• TASK GOAL:
Please say how many lines below include the word "carrier", with nothing beyond the number.

• DATA EXCERPTS:
theorem lemma2p13:
  fixes T :: "('a, 'b) monoid_scheme" and k :: nat and t :: "nat \<Rightarrow> 'a"
  assumes "simple_group T" and "finite (carrier T)" and "\<not> comm_group T"
    and "k \<ge> 2"
    and "\<forall>i\<in>{0..<k}. t i \<in> carrier T"
  shows "is_base T k {D_set T k,
           D_set T k #>\<^bsub>W_group T k\<^esub> ((\<lambda>i\<in>{0..<k}. inner T (t i)), id)}
         \<longleftrightarrow> inj_on t {0..<k} \<and>
             hol_stab T (t ` {0..<k}) = {(\<one>\<^bsub>T\<^esub>, \<one>\<^bsub>aut_group T\<^esub>)}"
proof -
  interpret simple_group T by (fact assms(1))
  have t: "t ` {0..<k} \<subseteq> carrier T" using assms(5) by blast
  have "0 < k" using assms(4) by simp
  have "is_base T k {D_set T k, D_set T k #>\<^bsub>W_group T k\<^esub> ((\<lambda>i\<in>{0..<k}. inner T (t i)), id)}
    \<longleftrightarrow> hol_rigid T {0..<k} t"
    using is_base_pair_iff[OF inner_tuple_in_W_set] D_inter_conj_trivial_iff[OF inj_on_inner[OF assms(3)] \<open>0 < k\<close> t]
      assms(5) by simp
  also have "\<dots> \<longleftrightarrow> inj_on t {0..<k} \<and> hol_stab T (t ` {0..<k}) = {(\<one>\<^bsub>T\<^esub>, \<one>\<^bsub>aut_group T\<^esub>)}"
    using \<open>0 < k\<close> t by (intro hol_rigid_iff) auto
  finally show ?thesis .
qed

end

• EXERCISE ANSWER:
3